One exception: VoIP.ms returns a distinct `no_*` status per list method when
the collection is empty (`no_sms`, `no_cdr`, `no_messages`, …). The typed
methods treat such a status (`ApiStatus::is_empty()`) as a successful empty
response -- the collection field comes back `None` rather than `Err` -- so you
don't pattern-match a "no SMS" code where an empty list is the natural answer.

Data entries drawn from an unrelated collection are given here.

(* Assume $Q_{12}>0$. For any $\gamma>0$, $$H(\tilde C_i^{(n)}|\tilde{\mathbf X}_{3-i})\ge n[H(X_i|X_{3-i})-\gamma]+\log Q_{12},\quad i=1,2,$$ $$H(\tilde C_1^{(n)}\tilde C_2^{(n)})\ge n[H(X_1X_2)-\gamma]+\log Q_{12}.$$
   Context: Logs base 2. $\mathcal X_1,\mathcal X_2$ finite; $(X_1,X_2)\sim p_{X_1X_2}$, $(K_1,K_2)\sim p_{K_1K_2}$ on $\mathcal X_1\times\mathcal X_2$. At block length $n$, $(\mathbf X_1,\mathbf X_2)\sim p^n_{X_1X_2}$ i.i.d., $(\mathbf K_1,\mathbf K_2)\sim p^n_{K_1K_2}$ i.i.d., keys independent of sources. A distributed source encryption system: finite $\mathcal C_i^{(n)}$, maps $\Phi_i^{(n)}:\mathcal X_i^n\times\mathcal X_i^n\to\mathcal C_i^{(n)}$ (key, plaintext) and $\Psi^{(n)}$, such that there are maps $\phi_i^{(n)}$, $\psi^{(n)}$ with $\Psi^{(n)}(\mathbf k_1,\mathbf k_2,\Phi_1^{(n)}(\mathbf k_1,\mathbf x_1),\Phi_2^{(n)}(\mathbf k_2,\mathbf x_2))=\psi^{(n)}(\phi_1^{(n)}(\mathbf x_1),\phi_2^{(n)}(\mathbf x_2))$ for all arguments. $C_i^{(n)}:=\Phi_i^{(n)}(\mathbf K_i,\mathbf X_i)$. $\mathcal D^{(n)}:=\{(\mathbf x_1,\mathbf x_2):\psi^{(n)}(\phi_1^{(n)}(\mathbf x_1),\phi_2^{(n)}(\mathbf x_2))=(\mathbf x_1,\mathbf x_2)\}$. For $\gamma>0$, $\tilde{\mathcal A}^{(n)}_\gamma$ is the set of $(\mathbf x_1,\mathbf x_2)$ with $\bigl|\frac1n\log\frac1{p^n_{X_i|X_{3-i}}(\mathbf x_i|\mathbf x_{3-i})}-H(X_i|X_{3-i})\bigr|\le\gamma$ ($i=1,2$) and $\bigl|\frac1n\log\frac1{p^n_{X_1X_2}(\mathbf x_1,\mathbf x_2)}-H(X_1X_2)\bigr|\le\gamma$, and $\tilde{\mathcal D}^{(n)}_\gamma:=\tilde{\mathcal A}^{(n)}_\gamma\cap\mathcal D^{(n)}$. $Q_{12}:=p^n_{X_1X_2}(\tilde{\mathcal D}^{(n)}_\gamma)$. The random pair $(\tilde{\mathbf X}_1,\tilde{\mathbf X}_2)$ has law $p^n_{X_1X_2}(\mathbf x_1,\mathbf x_2)/Q_{12}$ on $\tilde{\mathcal D}^{(n)}_\gamma$ and $0$ elsewhere, independent of $(\mathbf K_1,\mathbf K_2)$; $\tilde C_i^{(n)}:=\Phi_i^{(n)}(\mathbf K_i,\tilde{\mathbf X}_i)$. Equivalently, the joint law of $(\tilde C_1^{(n)},\tilde C_2^{(n)},\tilde{\mathbf X}_1,\tilde{\mathbf X}_2)$ is that of $(C_1^{(n)},C_2^{(n)},\mathbf X_1,\mathbf X_2)$ conditioned on $(\mathbf X_1,\mathbf X_2)\in\tilde{\mathcal D}^{(n)}_\gamma$. *)

theory Defs
  imports Complex_Main
begin

definition shannon :: "('x \<Rightarrow> real) \<Rightarrow> 'x set \<Rightarrow> real" where
  "shannon f S = - (\<Sum>x\<in>S. f x * log 2 (f x))"
lemma ln_card_minus_shannon_entropy_le:
  assumes "finite I" "p \<in> prob_simplex I"
  shows "ln (card I) - shannon_entropy I p
           \<le> (2 * ln (card I) + 2) * (\<Sum>i\<in>I. \<bar>p i - 1 / card I\<bar>)"
proof -
  have "I \<noteq> {}" using prob_simplex_index_nonempty[OF assms(2)] .
  then have "1 \<le> card I" using assms(1) by (simp add: Suc_le_eq card_gt_0_iff)
  have "p i * ln (card I * p i) = p i * ln (card I) + p i * ln (p i)" if "i \<in> I" for i
    using that assms(2) \<open>1 \<le> card I\<close>
    by (cases "p i = 0") (auto simp: ln_mult algebra_simps prob_simplex_def)
  then have "(\<Sum>i\<in>I. p i * ln (card I * p i))
               = (\<Sum>i\<in>I. p i) * ln (card I) + (\<Sum>i\<in>I. p i * ln (p i))"
    by (simp add: sum.distrib sum_distrib_right)
  then have "ln (card I) - shannon_entropy I p = (\<Sum>i\<in>I. p i * ln (card I * p i))"
    using assms(2) by (simp add: shannon_entropy_def prob_simplex_def)
  also have "\<dots> \<le> (\<Sum>i\<in>I. (2 * ln (card I) + 2) * \<bar>p i - 1 / card I\<bar>)"
    using assms \<open>1 \<le> card I\<close> prob_simplex_le_one[OF assms]
    by (intro sum_mono mult_ln_scaled_le_abs_diff) (auto simp: prob_simplex_def)
  finally show ?thesis by (simp add: sum_distrib_left)
qed

lemma l1dist_nonneg: "0 \<le> l1dist n x y"
  unfolding l1dist_def l1norm_def by (intro sum_nonneg) auto

lemma l1dist_Suc: "l1dist (Suc m) x y = (\<Sum>i<m. \<bar>x i - y i\<bar>) + \<bar>x m - y m\<bar>"
  by (simp add: l1dist_def l1norm_def)

lemma l1dist_le_l1norm_add: "l1dist n x y \<le> l1norm n x + l1norm n y"
  unfolding l1dist_def l1norm_def sum.distrib[symmetric]
  by (intro sum_mono) (simp add: abs_triangle_ineq4)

The `*_raw` methods keep the verbatim contract and still surface it as
`Error::Api`.
```rust
match client.get_balance(¶ms).await {
Ok(balance) => { }
Err(voip_ms::Error::Api(voip_ms::ApiStatus::InvalidCredentials)) => {
eprintln!("check your API username/password");
}
Err(e) => return Err(e),
}
```
* `Error::InvalidResponse` — the response was not the expected JSON envelope
(e.g. missing `status` field).
## Development and release
Contributor and maintainer workflows (regeneration, verification, and release)
are documented in [DEVELOPMENT.md](DEVELOPMENT.md).
See [AGENTS.md](AGENTS.md) for design decisions and project-specific guidance.
## License
Licensed under the [MIT license](LICENSE).